I have a very specific memory from my freshmen year chemistry class. This class was my first college chemistry class, but it was during my second quarter (we had 3 quarters per year instead of 2 semesters). There were about a hundred people in the class, maybe more. Anyway we had lecture in this large theater type room with the tiny  fold-down desks and the rows that rose up as you went farther back. We were starting the first or second exam and my mind went blank and I began to panic. My heart pounded and my hands got shaky. I had never experienced anything like that during an exam before. I don’t know why it happened either because that class was not particularly hard for me because I’d had most of the material in high school and I had studied.

Anyway, I think part of it was because I had started to psyche myself out thinking, “What if I can’t remember anything? What if I fail?” Since chemistry was my chosen field there was a little bit more at stake in this class than my other classes. I was able to pull myself out of this downward spiral of thinking and pause and think rationally for a moment. “What if I actually fail, even though it’s unlikely? I probably won’t fail the class, there are still other exams. Even if I fail the class, it’s not the end of the world. I’m not going to die.”

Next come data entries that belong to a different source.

text \<open>In the induction step the two new contributions to \<open>u v\<^sup>k\<^sup>+\<^sup>3 w\<^sup>k\<^sup>+\<^sup>2\<close>, from
  \<open>u w \<cdot> v\<^sup>k\<^sup>+\<^sup>3 (v+w)\<^sup>k\<^sup>+\<^sup>1\<close> and from \<open>- u v w\<^sup>2 \<cdot> v\<^sup>k\<^sup>+\<^sup>2 (v+w)\<^sup>k\<close>, cancel, so the
  coefficient \<open>4\<close> is inherited along the ray.\<close>

lemma ray_P_mod_u2: "\<exists>H S. ray_P (Suc (Suc k)) = varY^(k+3) * (varY + varZ)^(k+1) +
    varX * varY^(k+2) * (4 * varZ^(k+1) + varY * H) + varX^2 * S"
proof (induct k)
  case 0
  show ?case
    by (rule exI[of _ 4],
        rule exI[of _ "varZ^2 + 5*varY*varZ + 6*varY^2 + 2*varX*varZ + 4*varX*varY + varX^2"])
      (simp add: algebra_simps power2_eq_square eval_nat_numeral)
next
  case (Suc k)
  then obtain H S where HS: "ray_P (Suc (Suc k)) = varY^(k+3) * (varY + varZ)^(k+1) +
    varX * varY^(k+2) * (4 * varZ^(k+1) + varY * H) + varX^2 * S" by blast
  obtain T where T: "ray_P (Suc k) = varY^(k+2) * (varY + varZ)^k + varX * T"
    using ray_P_mod_u by blast
  define p where "p = varY^(k+2)"
  define q where "q = (varY + varZ)^k"
  define r where "r = varZ^(k+1)"
  have HS': "ray_P (Suc (Suc k)) =
      varY * p * ((varY + varZ) * q) + varX * p * (4 * r + varY * H) + varX^2 * S"
    unfolding HS p_def q_def r_def by (simp add: algebra_simps eval_nat_numeral del: ray_P.simps)
  have T': "ray_P (Suc k) = p * q + varX * T" unfolding T p_def q_def by simp
  define H' where "H' = 4 * r + (varY + varZ) * H + (2*varY + 3*varZ) * q"
  define R where "R = p * (4 * r + varY * H)"
  define Q where "Q = varY * p * ((varY + varZ) * q)"
  define S' where "S' = varY * (varY + varZ) * S + (2*varY + varZ) * R + Q
     + varX * ((2*varY + varZ) * S + R) + varX^2 * S - varY * varZ^2 * T"
  have "ray_P (Suc (Suc (Suc k))) = varY^2 * p * ((varY + varZ)^2 * q)
      + varX * (varY * p) * (4 * (varZ * r) + varY * H') + varX^2 * S'"
    unfolding ray_P.simps(3)[of "Suc k"] HS' T' H'_def S'_def R_def Q_def
    by (simp add: algebra_simps power2_eq_square)
  moreover have "varY^2 * p = varY^(Suc k + 3)" "(varY + varZ)^2 * q = (varY + varZ)^(Suc k + 1)"
     "varY * p = varY^(Suc k + 2)" "varZ * r = varZ^(Suc k + 1)"
    unfolding p_def q_def r_def by (simp_all add: power_add eval_nat_numeral)
  ultimately show ?case by (metis mult.assoc)
qed

lemma coeff3_ray_P: "coeff3 (ray_P (Suc (Suc k))) 1 (k+2) (k+1) = 4"
proof -
  obtain H S where HS: "ray_P (Suc (Suc k)) = varY^(k+3) * (varY + varZ)^(k+1) +
    varX * varY^(k+2) * (4 * varZ^(k+1) + varY * H) + varX^2 * S" using ray_P_mod_u2 by blast
  have y: "varY^(k+3) = monom3 1 0 (k+3) 0" "varY = monom3 1 0 1 0"
    and xy: "varX * varY^(k+2) = monom3 1 1 (k+2) 0"
    and z: "4 * varZ^(k+1) = monom3 4 0 0 (k+1)"
    and x: "varX^2 = monom3 1 2 0 0"
    by (subst monom3_eq; simp)+
  have "coeff3 (varY^(k+3) * (varY + varZ)^(k+1)) 1 (k+2) (k+1) = 0"
    unfolding y(1) coeff3_monom3_mult by simp
  moreover have "coeff3 (varY * H) 0 0 (k+1) = 0" "coeff3 (varX^2 * S) 1 (k+2) (k+1) = 0"
    unfolding x y(2) coeff3_monom3_mult by simp_all
  moreover have "coeff3 (varX * varY^(k+2) * (4 * varZ^(k+1) + varY * H)) 1 (k+2) (k+1) =
      coeff3 (4 * varZ^(k+1)) 0 0 (k+1) + coeff3 (varY * H) 0 0 (k+1)"
    unfolding xy coeff3_monom3_mult by (simp add: coeff3_add)
  moreover have "coeff3 (4 * varZ^(k+1)) 0 0 (k+1) = 4"
    unfolding z coeff3_monom3 by simp
  ultimately show ?thesis unfolding HS coeff3_add by simp
qed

I have not had any more exam experiences as intense as that one, but this is pretty much my self-pep talk for any time I’m nervous: “Calm down. You’re not going to die.” It really helps me to put things in perspective. Another thing I like to ask myself is: “Is this going to matter in 10 years? Are you even going to remember this in 10 years?” The truth is I have no idea what I got on that exam. I know I didn’t fail it and I’m pretty sure I skipped the beginning that freaked me out and went on to a question that I could remember and went back to the first page later.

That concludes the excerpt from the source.